22 февраля 1813 г. Лонгинов писал графу С.Р. Воронцову: «…У Ростопчина нет ни одного друга в Москве, и там его каждый день клянут все. Даже народ ненавидит его теперь в такой же степени, как был раньше им возбужден. Я получил сотни писем из Москвы и видел много людей, приехавших оттуда: о Ростопчине существует только одно мнение».1 П.А. Вяземский так описывал недовольство москвичей: «Говорят, что Растопчин писал в 1814 г. к жене своей: «Наконец Его Императорское Величество милостиво согласился на увольнение мое от генерал-губернаторства в этом негодном городе»… Во всяком случае, нет сомнения, что негодница Москва1 была довольна увольнением Растопчина. При возвращении его в Москву, освобожденную от неприятеля, и когда мало по малу начали съезжаться выехавшие из нее, общественное мнение оказалось к Растопчину враждебным. В дни опасности все в восторженном настроении патриотического чувства были готовы на все возможные жертвы. Прошла опасность, и на принесенные жертвы и на понесенные убытки стали смотреть другими глазами. Хозяева сгоревших домов начали сожалеть о них и думать, что, может быть, и не нужно их было жечь. Они говорили, что одна из причин, которая погубила Наполеона, заключается в том, что он слишком долго задержался в Москве. Пожар Москвы мог бы испугать его и вынудить идти по пятам отступающей нашей армии, которая с трудом могла бы устоять перед его преследованием. Как бы то ни было, но разлад между Растопчиным и Москвой доходил до высшей степени. Растопчин был озлоблен неприязненным и, по мнению его, неблагодарным чувством московских жителей».2 В доказательство Вяземский приводил случай, происшедший во время праздника, данного одним из московских аристократов в честь взятия русскими войсками Парижа. Когда всех собравшихся пригласили в зал, где должно было даваться театральное представление, князь Ю.В. Долгоруков демонстративно взял за руку М.А. Волкову и вошел первый, за ними последовали все остальные, и в передней остался лишь генерал-губернатор. Тогда кто-то из организаторов пригласил его занять приготовленное место, но оскорбленный граф заявил: «Если князь Юрий Владимирович здесь хозяйничает, то мне здесь и делать нечего, и я сейчас уйду».

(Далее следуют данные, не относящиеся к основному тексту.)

lemma C0_pair:
  assumes a: "cC0 S E W F1 a" and b: "cC0 S E W F2 b"
  shows "cC0 S E W (pmod S F1 F2) (\<lambda>z. cpr S (a z, b z))"
proof -
  from C0_wf[OF a] have E: "E \<in> cM S" and W: "openin (mtop E) W" by auto
  have diag: "cC0 S E W (pmod S E E) (\<lambda>x. cpr S (x, x))"
    using C0_restrict[OF C0_diag[OF E] W openin_subset_mcar[OF E W]] .
  have "cC0 S E W (pmod S F1 F2) ((\<lambda>z. cpr S (a (pfst S z), b (psnd S z))) \<circ> (\<lambda>x. cpr S (x, x)))"
    by (rule C0_comp[OF diag C0_prod[OF a b]]) auto
  then show ?thesis by (rule C0_ext) simp
qed

lemma openin_C0_preimage:
  assumes f: "cC0 S E (mcar E) F f" and W: "openin (mtop F) W"
  shows "openin (mtop E) {z \<in> mcar E. f z \<in> W}"
proof -
  from C0_wf[OF f] have "E \<in> cM S" and "continuous_map (subtopology (mtop E) (mcar E)) (mtop F) f"
    by auto
  then have "continuous_map (mtop E) (mtop F) f" and "topspace (mtop E) = mcar E"
    using tmodule_topspace M_tmodule by (metis subtopology_topspace)+
  then show ?thesis using openin_continuous_map_preimage[OF _ W] by metis
qed

definition clinear :: "('k, 'u) tmod \<Rightarrow> ('k, 'u) tmod \<Rightarrow> ('u \<Rightarrow> 'u) \<Rightarrow> bool" where
  "clinear E F L \<longleftrightarrow> E \<in> cM S \<and> F \<in> cM S \<and> cC0 S E (mcar E) F L \<and>
    (\<forall>x\<in>mcar E. \<forall>y\<in>mcar E. L (madd E x y) = madd F (L x) (L y)) \<and>
    (\<forall>t. \<forall>x\<in>mcar E. L (msmul E t x) = msmul F t (L x))"

lemma clinear_pfst: "A \<in> cM S \<Longrightarrow> B \<in> cM S \<Longrightarrow> clinear (pmod S A B) A (pfst S)"
  unfolding clinear_def using prod_in_M C0_pfst by auto

lemma clinear_psnd: "A \<in> cM S \<Longrightarrow> B \<in> cM S \<Longrightarrow> clinear (pmod S A B) B (psnd S)"
  unfolding clinear_def using prod_in_M C0_psnd by auto

lemma clinear_comp:
  assumes L1: "clinear E F L1" and L2: "clinear F G L2"
  shows "clinear E G (\<lambda>x. L2 (L1 x))"
proof -
  have c1: "cC0 S E (mcar E) F L1" and c2: "cC0 S F (mcar F) G L2"
    using L1 L2 by (auto simp: clinear_def)
  have im: "L1 ` mcar E \<subseteq> mcar F" using C0_wf[OF c1] by auto
  have "cC0 S E (mcar E) G (L2 \<circ> L1)" by (rule C0_comp[OF c1 c2 im])
  moreover have "F \<in> cM S" using L1 by (simp add: clinear_def)
  ultimately show ?thesis
    using L1 L2 im tmodule_add_closed tmodule_smul_closed M_tmodule
    unfolding clinear_def by (auto simp: o_def image_subset_iff)
qed

lemma clinear_C0: "clinear E F L \<Longrightarrow> cC0 S E (mcar E) F L"
  by (simp add: clinear_def)

lemma clinear_C0_on: "clinear E F L \<Longrightarrow> openin (mtop E) W \<Longrightarrow> cC0 S E W F L"
  unfolding clinear_def using C0_restrict openin_subset_mcar by blast

lemma clinear_Dmod_projections:
  assumes E: "E \<in> cM S"
  shows clinear_Dmod_base: "clinear (Dmod S E) E (pfst S)"
    and clinear_Dmod_dir: "clinear (Dmod S E) E (\<lambda>z. pfst S (psnd S z))"
    and clinear_Dmod_scalar: "clinear (Dmod S E) (Kmod S) (\<lambda>z. psnd S (psnd S z))"
proof -
  have K: "Kmod S \<in> cM S" by (rule K_in_M)
  have P: "pmod S E (Kmod S) \<in> cM S" using E K by (rule prod_in_M)
  show "clinear (Dmod S E) E (pfst S)"
    unfolding Dmod_def by (rule clinear_pfst[OF E P])
  show "clinear (Dmod S E) E (\<lambda>z. pfst S (psnd S z))"
    unfolding Dmod_def by (rule clinear_comp[OF clinear_psnd[OF E P] clinear_pfst[OF E K]])
  show "clinear (Dmod S E) (Kmod S) (\<lambda>z. psnd S (psnd S z))"
    unfolding Dmod_def by (rule clinear_comp[OF clinear_psnd[OF E P] clinear_psnd[OF E K]])
qed

lemma C0_Dmod_endpoint:
  assumes E: "E \<in> cM S"
  shows "cC0 S (Dmod S E) (mcar (Dmod S E)) E
           (\<lambda>z. madd E (pfst S z) (msmul E (kof S (psnd S (psnd S z))) (pfst S (psnd S z))))"
    (is "cC0 S ?D _ E ?end")
proof -
  let ?tv = "\<lambda>z. cpr S (psnd S (psnd S z), pfst S (psnd S z))"
  let ?xtv = "\<lambda>z. cpr S (pfst S z, msmul E (kof S (psnd S (psnd S z))) (pfst S (psnd S z)))"
  have tv: "cC0 S ?D (mcar ?D) (pmod S (Kmod S) E) ?tv"
    by (rule C0_pair[OF clinear_C0[OF clinear_Dmod_scalar[OF E]] clinear_C0[OF clinear_Dmod_dir[OF E]]])
  have "cC0 S ?D (mcar ?D) E ((\<lambda>z. msmul E (kof S (pfst S z)) (psnd S z)) \<circ> ?tv)"
    by (rule C0_comp[OF tv C0_smul[OF E]]) (use C0_wf[OF tv] in auto)
  then have "cC0 S ?D (mcar ?D) E (\<lambda>z. msmul E (kof S (psnd S (psnd S z))) (pfst S (psnd S z)))"
    by (rule C0_ext) simp
  then have xtv: "cC0 S ?D (mcar ?D) (pmod S E E) ?xtv"
    by (rule C0_pair[OF clinear_C0[OF clinear_Dmod_base[OF E]]])
  have "cC0 S ?D (mcar ?D) E ((\<lambda>z. madd E (pfst S z) (psnd S z)) \<circ> ?xtv)"
    by (rule C0_comp[OF xtv C0_add[OF E]]) (use C0_wf[OF xtv] in auto)
  then show ?thesis by (rule C0_ext) simp
qed

lemma openin_Dset:
  assumes E: "E \<in> cM S" and V: "openin (mtop E) V"
  shows "openin (mtop (Dmod S E)) (Dset S E V)"
proof -
  let ?D = "Dmod S E"
  let ?end = "\<lambda>z. madd E (pfst S z) (msmul E (kof S (psnd S (psnd S z))) (pfst S (psnd S z)))"
  have "z \<in> Dset S E V \<longleftrightarrow> pfst S z \<in> V \<and> ?end z \<in> V" if "z \<in> mcar ?D" for z
  proof -
    from that obtain x v t where "z = trip S x v t" "v \<in> mcar E" by (auto simp: Dmod_def trip_def)
    then show ?thesis using trip_in_Dset_iff[of x v t E V] by (simp add: trip_def)
  qed
  moreover have "Dset S E V \<subseteq> mcar ?D"
    using openin_subset_mcar[OF E V] by (auto simp: Dset_def)
  ultimately have "Dset S E V = {z \<in> mcar ?D. pfst S z \<in> V} \<inter> {z \<in> mcar ?D. ?end z \<in> V}"
    by blast
  then show ?thesis
    using openin_Int[OF openin_C0_preimage[OF clinear_C0[OF clinear_Dmod_base[OF E]] V]
        openin_C0_preimage[OF C0_Dmod_endpoint[OF E] V]] by simp
qed

lemma C0_trip_line:
  assumes E: "E \<in> cM S" and x: "x \<in> mcar E" and v: "v \<in> mcar E"
  shows "cC0 S (Kmod S) (mcar (Kmod S)) (Dmod S E) (\<lambda>s. cpr S (x, cpr S (v, s)))"
proof -
  have K: "Kmod S \<in> cM S" by (rule K_in_M)
  have "cC0 S (Kmod S) (mcar (Kmod S)) (Dmod S E) ((\<lambda>w. cpr S (x, w)) \<circ> (\<lambda>s. cpr S (v, s)))"
    unfolding Dmod_def
    by (rule C0_comp[OF C0_inr[OF E K v] C0_inr[OF E prod_in_M[OF E K] x]])
      (use v in \<open>simp add: image_subset_iff\<close>)
  then show ?thesis by (simp add: o_def)
qed

text \<open>Uniqueness of g^[1] on V^[1]: along the line s \<mapsto> (x, v, s) the two candidates agree
  wherever s is a unit (cancel s in the defining equation), hence everywhere by (III).\<close>
lemma is_der_unique:
  assumes E: "E \<in> cM S" and d1: "is_der S E V F g g1" and d2: "is_der S E V F g g2"
    and z: "z \<in> Dset S E V"
  shows "g1 z = g2 z"
proof -
  have c1: "cC0 S (Dmod S E) (Dset S E V) F g1" and c2: "cC0 S (Dmod S E) (Dset S E V) F g2"
    using d1 d2 by (simp_all add: is_der_def)
  have F: "F \<in> cM S" and Do: "openin (mtop (Dmod S E)) (Dset S E V)" using C0_wf[OF c1] by auto
  obtain x v t0 where z_eq: "z = trip S x v t0" using z by (auto simp: Dset_def)
  have "z \<in> mcar (Dmod S E)" using z openin_subset_mcar[OF Dmod_in_M[OF E] Do] by auto
  then have x: "x \<in> mcar E" and v: "v \<in> mcar E" by (simp_all add: z_eq)
  define \<tau> where "\<tau> = (\<lambda>s. cpr S (x, cpr S (v, s)))"
  have \<tau>_cemb: "\<tau> (cemb S t) = trip S x v t" for t by (simp add: \<tau>_def trip_def)
  define Ux where "Ux = {s \<in> mcar (Kmod S). \<tau> s \<in> Dset S E V}"
  have \<tau>: "cC0 S (Kmod S) (mcar (Kmod S)) (Dmod S E) \<tau>"
    unfolding \<tau>_def by (rule C0_trip_line[OF E x v])
  have Ux: "openin (mtop (Kmod S)) Ux"
    unfolding Ux_def by (rule openin_C0_preimage[OF \<tau> Do])
  have \<tau>_Ux: "cC0 S (Kmod S) Ux (Dmod S E) \<tau>" by (rule C0_restrict[OF \<tau> Ux]) (auto simp: Ux_def)
  have e1: "cC0 S (Kmod S) Ux F (g1 \<circ> \<tau>)" by (rule C0_comp[OF \<tau>_Ux c1]) (auto simp: Ux_def)
  have e2: "cC0 S (Kmod S) Ux F (g2 \<circ> \<tau>)" by (rule C0_comp[OF \<tau>_Ux c2]) (auto simp: Ux_def)
  have "(g1 \<circ> \<tau>) (cemb S t0) = (g2 \<circ> \<tau>) (cemb S t0)"
  proof (rule C0_ident[OF e1 e2])
    fix w assume w: "w \<in> Ux \<inter> cemb S ` Kunits"
    then obtain t s where w_eq: "w = cemb S t" and ts: "t * s = 1" by (auto simp: Kunits_def)
    have tr: "trip S x v t \<in> Dset S E V" using w by (simp add: Ux_def w_eq \<tau>_cemb)
    then have "msmul F t (g1 (trip S x v t)) = msmul F t (g2 (trip S x v t))"
      using d1 d2 unfolding is_der_def by (metis trip_in_Dset_iff)
    moreover have "g1 (trip S x v t) \<in> mcar F" "g2 (trip S x v t) \<in> mcar F"
      using tr C0_wf[OF c1] C0_wf[OF c2] by auto
    ultimately have "g1 (trip S x v t) = g2 (trip S x v t)"
      using tmodule_smul_cancel_unit[OF M_tmodule[OF F] _ _ ts] by blast
    then show "(g1 \<circ> \<tau>) w = (g2 \<circ> \<tau>) w" by (simp add: w_eq \<tau>_cemb)
  next
    show "cemb S t0 \<in> Ux" using z by (simp add: Ux_def z_eq \<tau>_cemb)
  qed
  then show ?thesis by (simp add: z_eq \<tau>_cemb)
qed

lemma funpow_dstep_Suc:
  "(dstep S F ^^ Suc n) (E, V, g) = (dstep S F ^^ n) (Dmod S E, Dset S E V, der S E V F g)"
  by (simp add: funpow_Suc_right dstep_def del: funpow.simps)

lemma der_is_der: "isC1 S E V F g \<Longrightarrow> is_der S E V F g (der S E V F g)"
  unfolding isC1_def der_def by (metis someI)

lemma isCn_Suc_iff:
  "isCn S (Suc n) E V F g \<longleftrightarrow> isC1 S E V F g \<and> isCn S n (Dmod S E) (Dset S E V) F (der S E V F g)"
proof (induction n arbitrary: E V g)
  case 0
  show ?case using der_is_der[of E V F g] by (auto simp: isC1_def is_der_def)
next
  case (Suc n)
  have "isCn S (Suc (Suc n)) E V F g \<longleftrightarrow> isCn S (Suc n) E V F g \<and>
     (case (dstep S F ^^ Suc n) (E, V, g) of (E', V', g') \<Rightarrow> isC1 S E' V' F g')"
    by (simp only: isCn.simps(2))
  also have "\<dots> \<longleftrightarrow> (isC1 S E V F g \<and> isCn S n (Dmod S E) (Dset S E V) F (der S E V F g)) \<and>
     (case (dstep S F ^^ n) (Dmod S E, Dset S E V, der S E V F g) of (E', V', g') \<Rightarrow> isC1 S E' V' F g')"
    using Suc.IH funpow_dstep_Suc by simp
  also have "\<dots> \<longleftrightarrow> isC1 S E V F g \<and> isCn S (Suc n) (Dmod S E) (Dset S E V) F (der S E V F g)"
    by (simp only: isCn.simps(2) conj_assoc)
  finally show ?case .
qed

lemma isCn_cong:
  assumes "isCn S n E V F g" "\<And>x. x \<in> V \<Longrightarrow> g x = g' x"
  shows "isCn S n E V F g'"
proof (cases n)
  case 0
  then show ?thesis using assms C0_ext[of E V F g g'] by auto
next
  case (Suc m)
  have der: "is_der S E V F g = is_der S E V F g'"
    using assms(2) by (auto simp: is_der_def fun_eq_iff)
  then have "der S E V F g = der S E V F g'" by (simp add: der_def)
  moreover have "isC1 S E V F g = isC1 S E V F g'"
    unfolding isC1_def der using C0_ext[of E V F g g'] C0_ext[of E V F g' g] assms(2) by auto
  ultimately show ?thesis using assms(1) unfolding Suc isCn_Suc_iff by simp
qed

Сам Ростопчин был достаточно дальновиден, чтобы заранее предполагать подобные изменения в общественном мнении. А.Я. Булгаков вспоминал следующие слова графа, произнесенные за несколько дней до сдачи Москвы: «Покуда Шульгин1 полонит у Наполеона королей, французы берут у нас города один за другим!… Кутузов называет это победою… Дай Бог, чтобы так было; но в это кровавом потоке поглощены наравне победители с побежденными. Они свое отделали!… Жестоко дрались; теперь моя очередь… доходить до Москвы! Но Москва не Можайск… Москва – Россия! Все это ужасное бремя ляжет на меня! Что я буду делать?…»

Булгаков попытался успокоить своего начальника: «Что вы будете делать? - Ограждать внутреннее спокойствие Москвы… Все в руках предводителя армии, и весьма естественно, что вы одни спасти столицу не можете».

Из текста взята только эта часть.